Drinks That Make Indigestion Worse

Knowing what to avoid matters just as much as knowing what to drink. Several popular beverages actively worsen indigestion:

  • Carbonated drinks. Carbon dioxide dissolves in liquid and rapidly converts to gas once it warms up inside your stomach. This expands the stomach wall and increases pressure, which triggers belching and can push acid upward. Symptoms from gastric distension tend to appear after drinking more than about 300 ml (roughly 10 ounces) of a carbonated beverage.
  • Coffee. Both caffeinated and decaf coffee stimulate acid production and can relax the valve at the top of the stomach, making reflux more likely.
  • Alcohol. It irritates the stomach lining directly and slows the rate at which your stomach empties, prolonging that heavy, uncomfortable feeling.
  • Citrus juices.
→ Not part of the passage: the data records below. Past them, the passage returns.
(* Let $n\ge 3$ and let $\mathcal N_{2n}$ be the neckband on $2n$ vertices. Then for every vertex $v$ of $\mathcal N_{2n}$, $\gamma_M(\mathcal N_{2n}-v)=\gamma_M(\mathcal N_{2n})-1$; that is, every vertex of $\mathcal N_{2n}$ is a 1-critical-vertex.
   Context: The neckband $\mathcal N_{2n}$ is the graph consisting of the $2n$-cycle $C_{2n}=v_1v_2\cdots v_{2n}v_1$ together with the $n$ chords $a_i=(v_{2i-1},v_{2i+2})$, $i=1,\dots,n$, where indices are taken modulo $2n$ (with representatives in $\{1,\dots,2n\}$). $\gamma_M(H)$ is the maximum genus of a connected graph $H$ (largest $k$ such that $H$ embeds cellularly in the orientable surface of genus $k$). A vertex $v$ is a 1-critical-vertex of $G$ if $G-v$ is connected and $\gamma_M(G-v)=\gamma_M(G)-1$. *)

theory Defs
  imports Main
begin

text \<open>Simple graphs are given as a pair of a vertex set V and an edge set E,
  each edge being a 2-element set of vertices.\<close>

definition neighbors :: "'a set set \<Rightarrow> 'a \<Rightarrow> 'a set" where
  "neighbors E v = {u. u \<noteq> v \<and> {u, v} \<in> E}"

definition darts :: "'a set set \<Rightarrow> ('a \<times> 'a) set" where
  "darts E = {(u, v). u \<noteq> v \<and> {u, v} \<in> E}"

definition graph_connected :: "'a set \<Rightarrow> 'a set set \<Rightarrow> bool" where
  "graph_connected V E \<longleftrightarrow> V \<noteq> {} \<and>
     (\<forall>u\<in>V. \<forall>v\<in>V. (u, v) \<in> (darts E)\<^sup>*)"

definition delete_vertex :: "'a set \<Rightarrow> 'a set set \<Rightarrow> 'a \<Rightarrow> 'a set \<times> 'a set set" where
  "delete_vertex V E v = (V - {v}, {e \<in> E. v \<notin> e})"

definition is_rotation_system :: "'a set \<Rightarrow> 'a set set \<Rightarrow> ('a \<Rightarrow> 'a \<Rightarrow> 'a) \<Rightarrow> bool" where
  "is_rotation_system V E \<rho> \<longleftrightarrow>
     (\<forall>v\<in>V. bij_betw (\<rho> v) (neighbors E v) (neighbors E v) \<and>
        (\<forall>x\<in>neighbors E v. \<forall>y\<in>neighbors E v. \<exists>k. (\<rho> v ^^ k) x = y))"

definition face_perm :: "('a \<Rightarrow> 'a \<Rightarrow> 'a) \<Rightarrow> 'a \<times> 'a \<Rightarrow> 'a \<times> 'a" where
  "face_perm \<rho> d = (snd d, \<rho> (snd d) (fst d))"

definition faces :: "'a set set \<Rightarrow> ('a \<Rightarrow> 'a \<Rightarrow> 'a) \<Rightarrow> ('a \<times> 'a) set set" where
  "faces E \<rho> = (\<lambda>d. {(face_perm \<rho> ^^ k) d | k. True}) ` darts E"

definition num_faces :: "'a set set \<Rightarrow> ('a \<Rightarrow> 'a \<Rightarrow> 'a) \<Rightarrow> nat" where
  "num_faces E \<rho> = (if E = {} then 1 else card (faces E \<rho>))"

text \<open>Genus of the cellular orientable embedding determined by a rotation system
  (Euler's formula  |V| - |E| + F = 2 - 2g).\<close>

definition emb_genus :: "'a set \<Rightarrow> 'a set set \<Rightarrow> ('a \<Rightarrow> 'a \<Rightarrow> 'a) \<Rightarrow> int" where
  "emb_genus V E \<rho> = (2 - int (card V) + int (card E) - int (num_faces E \<rho>)) div 2"

definition max_genus :: "'a set \<Rightarrow> 'a set set \<Rightarrow> int" where
  "max_genus V E = Max {emb_genus V E \<rho> | \<rho>. is_rotation_system V E \<rho>}"

text \<open>The neckband N_{2n}: vertices 1..2n, cycle edges {i, i+1} (mod 2n), and
  chords a_i = {2i-1, 2i+2} (indices mod 2n, representatives in 1..2n).\<close>

definition neckband_V :: "nat \<Rightarrow> nat set" where
  "neckband_V n = {1..2*n}"

definition neckband_E :: "nat \<Rightarrow> nat set set" where
  "neckband_E n =
     {{i, i mod (2*n) + 1} | i. i \<in> {1..2*n}} \<union>
     {{2*i - 1, (2*i + 1) mod (2*n) + 1} | i. i \<in> {1..n}}"

end

theory Submission
  imports Defs
begin

text \<open>Every cellular embedding has at least one face, so by Euler's formula the maximum genus of
  a connected graph is at most \<open>\<lfloor>\<beta>/2\<rfloor>\<close>, where \<open>\<beta> = |E| - |V| + 1\<close> is its Betti number,
  with equality as soon as some rotation system has one face, or two faces when \<open>\<beta>\<close> is odd.
  For the neckband \<open>\<beta> = n + 1\<close>, and after deleting a vertex \<open>\<beta> = n - 1\<close>; since
  \<open>\<lfloor>(n - 1)/2\<rfloor> = \<lfloor>(n + 1)/2\<rfloor> - 1\<close>, it remains to find such rotation systems.
  The neckband is vertex-transitive, so we work on a relabelled copy in which the deleted
  vertex is 0. There the rotation (predecessor, successor, chord) at every vertex, reversed at 0,
  resp. with 0 deleted, has boundary walks that can be traced explicitly: they run along the
  cycle and then alternately along chords and cycle edges, and cover all darts with one walk
  if n is odd and with two walks otherwise.\<close>

section \<open>Orbits of a self-map\<close>

definition orbit_of :: "('b \<Rightarrow> 'b) \<Rightarrow> 'b \<Rightarrow> 'b set" where
  "orbit_of f d = range (\<lambda>k. (f ^^ k) d)"

lemma faces_eq_orbits: "faces E \<rho> = orbit_of (face_perm \<rho>) ` darts E"
  unfolding faces_def orbit_of_def by (simp add: full_SetCompr_eq)

lemma orbit_of_self: "d \<in> orbit_of f d"
  unfolding orbit_of_def by (rule range_eqI[of _ _ 0]) simp
lemma outer_products_combination_eq_0:
  fixes A :: "nat \<Rightarrow> nat \<Rightarrow> complex"
  assumes indep: "\<And>S. S \<subseteq> {..<nc} \<Longrightarrow> card S \<le> N \<Longrightarrow> \<not> cols_dependent A n S"
    and S: "S \<subseteq> {..<nc}" "card S + 2 \<le> 2 * N"
    and outer_eq_0: "\<forall>p<n. \<forall>q<n. (\<Sum>l\<in>S. x l * A p l * cnj (A q l)) = 0"
    and k: "k \<in> S"
  shows "x k = 0"
proof (rule ccontr)
  assume xk: "x k \<noteq> 0"
  have fin: "finite S" using S(1) finite_subset by blast
  obtain S2 where S2: "S2 \<subseteq> S - {k}" "card S2 = min (N - 1) (card S - 1)"
    using obtain_subset_with_card_n[of "min (N - 1) (card S - 1)" "S - {k}"] k fin by auto
  have fin2: "finite S2" using S2(1) fin finite_subset by blast
  have "card S \<ge> 1" using k fin by (simp add: Suc_le_eq card_gt_0_iff) blast
  hence card_S1: "card (S - S2) \<le> N"
    using S2 S(2) card_Diff_subset[OF fin2] by (simp add: subset_Diff_insert)
  obtain z where orth: "\<forall>l\<in>S2. cinner n (\<lambda>i. A i k - (\<Sum>j\<in>S2. z j * A i j)) (\<lambda>i. A i l) = 0"
    using orthogonal_residual_exists[OF fin2, of n "\<lambda>i. A i k" A] by blast
  define y where "y = (\<lambda>i. A i k - (\<Sum>j\<in>S2. z j * A i j))"
  have combination_S1: "\<forall>p<n. (\<Sum>l\<in>S - S2. A p l * (x l * cinner n y (\<lambda>i. A i l))) = 0"
  proof (intro allI impI)
    fix p assume "p < n"
    have "(\<Sum>l\<in>S. x l * cinner n y (\<lambda>i. A i l) * A p l) = 0"
      using outer_eq_0 \<open>p < n\<close> by (simp add: outer_products_apply)
    moreover have "(\<Sum>l\<in>S2. x l * cinner n y (\<lambda>i. A i l) * A p l) = 0"
      using orth by (simp add: y_def)
    moreover have "S2 \<subseteq> S" using S2(1) by blast
    ultimately show "(\<Sum>l\<in>S - S2. A p l * (x l * cinner n y (\<lambda>i. A i l))) = 0"
      using sum.subset_diff[OF _ fin, of S2 "\<lambda>l. x l * cinner n y (\<lambda>i. A i l) * A p l"]
      by (simp add: mult_ac)
  qed
  have "\<not> cols_dependent A n (S - S2)"
    using indep S(1) card_S1 by blast
  moreover have "k \<in> S - S2" using k S2(1) by blast
  ultimately have "x k * cinner n y (\<lambda>i. A i k) = 0"
    using independent_cols_coeff_eq_0[OF _ combination_S1] by blast
  hence "cinner n y (\<lambda>i. A i k) = 0" using xk by simp
  moreover have "cinner n y (\<lambda>i. \<Sum>j\<in>S2. z j * A i j) = 0"
    using orth by (simp add: cinner_sum_right y_def)
  ultimately have "cinner n y y = 0"
    by (simp add: y_def cinner_diff_right)
  hence "\<forall>p<n. A p k = (\<Sum>j\<in>S2. z j * A p j)"
    using cinner_self_eq_0 unfolding y_def by fastforce
  hence "cols_dependent A n (insert k S2)"
    using cols_dependent_insert_span fin2 S2(1) by blast
  moreover have "card (insert k S2) \<le> N" "insert k S2 \<subseteq> {..<nc}"
    using S2 S fin2 k by (auto simp: subset_Diff_insert)
  ultimately show False using indep by blast
qed

lemma mat_vec_khatri_rao_conj:
  assumes "p < nr"
  shows "mat_vec K (khatri_rao nr (conj_mat A) A) v (p + nr * q)
           = (\<Sum>l<K. v l * A p l * cnj (A q l))"
  using assms unfolding mat_vec_def khatri_rao_def conj_mat_def by (simp add: mult_ac)

lemma khatri_rao_sparse_injective:
  assumes spark: "spark A n K = enat (N + 1)" and "M < N"
    and "sparse M r" "sparse M r'" "\<forall>l\<ge>K. r l = 0" "\<forall>l\<ge>K. r' l = 0"
    and eq: "\<forall>i<n\<^sup>2. mat_vec K (khatri_rao n (conj_mat A) A) r i
                   = mat_vec K (khatri_rao n (conj_mat A) A) r' i"
  shows "r = r'"
proof -
  define e where "e = (\<lambda>l. r l - r' l)"
  define S where "S = {l. e l \<noteq> 0}"
  have S_K: "S \<subseteq> {..<K}"
    using assms(5,6) by (auto simp: S_def e_def not_le[symmetric])
  have "S \<subseteq> {j. r j \<noteq> 0} \<union> {j. r' j \<noteq> 0}" by (auto simp: S_def e_def)
  hence "card S \<le> card {j. r j \<noteq> 0} + card {j. r' j \<noteq> 0}"
    using assms(3,4) unfolding sparse_def by (meson card_Un_le card_mono finite_UnI order_trans)
  hence card_S: "card S + 2 \<le> 2 * N"
    using assms(2-4) unfolding sparse_def by linarith
  have "\<forall>p<n. \<forall>q<n. (\<Sum>l\<in>S. e l * A p l * cnj (A q l)) = 0"
  proof (intro allI impI)
    fix p q assume "p < n" "q < n"
    have "p + n * q < n * (q + 1)" using \<open>p < n\<close> by simp
    also have "\<dots> \<le> n\<^sup>2"
      using \<open>q < n\<close> unfolding power2_eq_square by (intro mult_left_mono) auto
    finally have "p + n * q < n\<^sup>2" .
    hence "(\<Sum>l<K. r l * A p l * cnj (A q l)) = (\<Sum>l<K. r' l * A p l * cnj (A q l))"
      using eq mat_vec_khatri_rao_conj[OF \<open>p < n\<close>] by metis
    hence "(\<Sum>l<K. e l * A p l * cnj (A q l)) = 0"
      by (simp add: e_def algebra_simps sum_subtractf)
    moreover have "(\<Sum>l<K. e l * A p l * cnj (A q l)) = (\<Sum>l\<in>S. e l * A p l * cnj (A q l))"
      using S_K by (intro sum.mono_neutral_right) (auto simp: S_def)
    ultimately show "(\<Sum>l\<in>S. e l * A p l * cnj (A q l)) = 0" by simp
  qed
  hence "\<forall>k\<in>S. e k = 0"
    using outer_products_combination_eq_0[OF spark_cols_independent[OF spark] S_K card_S] by blast
  thus ?thesis by (auto simp: S_def e_def fun_eq_iff)
qed

lemma vec_covariance_eq_khatri_rao:
  "vec_mat nr (mat_mult K (mat_mult K A (diag_mat r)) (adjoint_mat A)) i
     = mat_vec K (khatri_rao nr (conj_mat A) A) r i"
proof -
  have "mat_mult K A (diag_mat r) p j = A p j * r j" if "j < K" for p j
  proof -
    have "mat_mult K A (diag_mat r) p j = (\<Sum>k<K. if k = j then A p j * r j else 0)"
      unfolding mat_mult_def diag_mat_def by (rule sum.cong) auto
    thus ?thesis using that by simp
  qed
  thus ?thesis
    unfolding vec_mat_def mat_mult_def[of _ _ "adjoint_mat A"] adjoint_mat_def
      mat_vec_def khatri_rao_def conj_mat_def
    by (intro sum.cong) (simp_all add: mult_ac)
qed

lemma grid_index_less:
  fixes a b :: int
  assumes "\<bar>a\<bar> \<le> int L0" "\<bar>b\<bar> \<le> int L0"
  shows "nat (a + int L0) + (2 * L0 + 1) * nat (b + int L0) < (2 * L0 + 1)\<^sup>2"
proof -
  have "nat (a + int L0) + (2 * L0 + 1) * nat (b + int L0) \<le> 2 * L0 + (2 * L0 + 1) * (2 * L0)"
    using assms by (intro add_mono mult_left_mono) auto
  also have "\<dots> < (2 * L0 + 1)\<^sup>2" by (simp add: power2_eq_square algebra_simps)
  finally show ?thesis .
qed

lemma spike_sum_eq_0:
  assumes "l \<notin> g ` {..<M}"
  shows "(\<Sum>i<M. if g i = l then s i else 0) = (0::complex)"
  using assms by (intro sum.neutral) auto

lemma sparse_spike_sum: "sparse M (\<lambda>l. \<Sum>i<M. if g i = l then s i else 0)"
proof -
  have support: "{l. (\<Sum>i<M. if g i = l then s i else 0) \<noteq> 0} \<subseteq> g ` {..<M}"
    using spike_sum_eq_0[of _ g M s] by blast
  hence "card {l. (\<Sum>i<M. if g i = l then s i else 0) \<noteq> 0} \<le> card (g ` {..<M})"
    by (intro card_mono) auto
  also have "\<dots> \<le> M"
    using card_image_le[of "{..<M}" g] by simp
  finally show ?thesis
    using support finite_subset unfolding sparse_def by blast
qed

theorem theorem5:
  fixes M N L0 :: nat and d c \<delta> fNyq B :: real
    and f \<theta> \<sigma> :: "nat \<Rightarrow> real" and a b :: "nat \<Rightarrow> int"
    and L :: nat and G :: "nat \<Rightarrow> nat \<Rightarrow> complex"
    and idx :: "nat \<Rightarrow> nat" and rw :: "nat \<Rightarrow> complex" and R :: "nat \<Rightarrow> nat \<Rightarrow> complex"
  assumes c_pos: "c > 0" and d_pos: "d > 0" and delta_pos: "\<delta> > 0"
    and B_pos: "B > 0" and fNyq_pos: "fNyq > 0"
    and L0_def: "real L0 = fNyq / (2 * \<delta>)"
    and sep: "\<forall>i<M. \<forall>j<M. i \<noteq> j \<longrightarrow> \<bar>f i - f j\<bar> > B"
    and band: "\<forall>i<M. \<bar>f i\<bar> + B / 2 \<le> fNyq / 2"
    and angle: "\<forall>i<M. \<bar>\<theta> i\<bar> < pi / 2"
    and var_pos: "\<forall>i<M. \<sigma> i > 0"
    and grid_alpha: "\<forall>i<M. f i * cos (\<theta> i) = \<delta> * of_int (a i) \<and> \<bar>a i\<bar> \<le> int L0"
    and grid_beta: "\<forall>i<M. f i * sin (\<theta> i) = \<delta> * of_int (b i) \<and> \<bar>b i\<bar> \<le> int L0"
    and alpha_distinct: "inj_on (\<lambda>i. f i * cos (\<theta> i)) {..<M}"
    and beta_distinct: "inj_on (\<lambda>i. f i * sin (\<theta> i)) {..<M}"
    and L_def: "L = 2 * L0 + 1"
    and G_def: "G = Gmat N L0 d c \<delta>"
    and idx_def: "idx = (\<lambda>i. nat (a i + int L0) + L * nat (b i + int L0))"
    and rw_def: "rw = (\<lambda>l. \<Sum>i<M. if idx i = l then complex_of_real (\<sigma> i) else 0)"
    and R_def: "R = mat_mult (L^2) (mat_mult (L^2) G (diag_mat rw)) (adjoint_mat G)"
    and c1: "d < c / fNyq"
    and c2: "N > M"
    and c3: "spark G (2 * N - 1) (L^2) = enat (N + 1)"
  shows "sparse M rw \<and> (\<forall>l\<ge>L^2. rw l = 0)
    \<and> (\<forall>i<(2 * N - 1)^2. vec_mat (2 * N - 1) R i
           = mat_vec (L^2) (khatri_rao (2 * N - 1) (conj_mat G) G) rw i)
    \<and> (\<forall>r. (\<forall>l\<ge>L^2. r l = 0) \<and> sparse M r
           \<and> (\<forall>i<(2 * N - 1)^2. vec_mat (2 * N - 1) R i
                 = mat_vec (L^2) (khatri_rao (2 * N - 1) (conj_mat G) G) r i)
           \<longrightarrow> r = rw)"
proof -
  have idx_less: "idx i < L^2" if "i < M" for i
    unfolding idx_def L_def using grid_alpha grid_beta that by (intro grid_index_less) auto
  have rw_outside: "\<forall>l\<ge>L^2. rw l = 0"
  proof (intro allI impI)
    fix l assume "L^2 \<le> l"
    hence "l \<notin> idx ` {..<M}" using idx_less by fastforce
    thus "rw l = 0" unfolding rw_def by (rule spike_sum_eq_0)
  qed
  have sparse_rw: "sparse M rw"
    unfolding rw_def by (rule sparse_spike_sum)
  have vec_R: "vec_mat (2 * N - 1) R i
                 = mat_vec (L^2) (khatri_rao (2 * N - 1) (conj_mat G) G) rw i" for i
    unfolding R_def by (rule vec_covariance_eq_khatri_rao)
  have "r = rw"
    if "\<forall>l\<ge>L^2. r l = 0" "sparse M r"
      "\<forall>i<(2 * N - 1)^2. vec_mat (2 * N - 1) R i
                 = mat_vec (L^2) (khatri_rao (2 * N - 1) (conj_mat G) G) r i" for r
  proof (rule khatri_rao_sparse_injective[OF c3 c2 that(2) sparse_rw that(1) rw_outside])
    show "\<forall>i<(2 * N - 1)\<^sup>2. mat_vec (L^2) (khatri_rao (2 * N - 1) (conj_mat G) G) r i
                          = mat_vec (L^2) (khatri_rao (2 * N - 1) (conj_mat G) G) rw i"
      using that(3) by (metis vec_R)
  qed
  thus ?thesis using sparse_rw rw_outside vec_R by blast
qed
Orange juice and lemon juice have a pH around 3, making them highly acidic. Some sources claim lemon water has an alkalizing effect once metabolized, but this is not supported by research. Drinking acidic beverages on an already irritated stomach typically adds to the discomfort.
  • Apple cider vinegar. Despite its popularity online, there are no published clinical trials supporting apple cider vinegar for heartburn or indigestion. Harvard Health Publishing notes the complete absence of medical evidence for this remedy and suggests sticking to proven options.

Matching the Drink to Your Symptoms

Indigestion isn’t one condition. It’s an umbrella term for several different types of stomach discomfort, and the best drink depends on what you’re actually feeling. If you’re bloated and crampy without any chest burning, peppermint or ginger tea is a strong choice. If you feel a burning sensation in your upper stomach or chest, baking soda water or licorice root tea targets the acid directly. If your stomach just feels heavy and sluggish after a large meal, warm water or ginger tea helps move things along.

Temperature matters too. Warm drinks tend to relax the digestive tract and are generally better tolerated than ice-cold beverages when your stomach is already upset. Whatever you choose, sip it slowly. Drinking any liquid too quickly introduces extra air into your stomach and can amplify bloating and discomfort.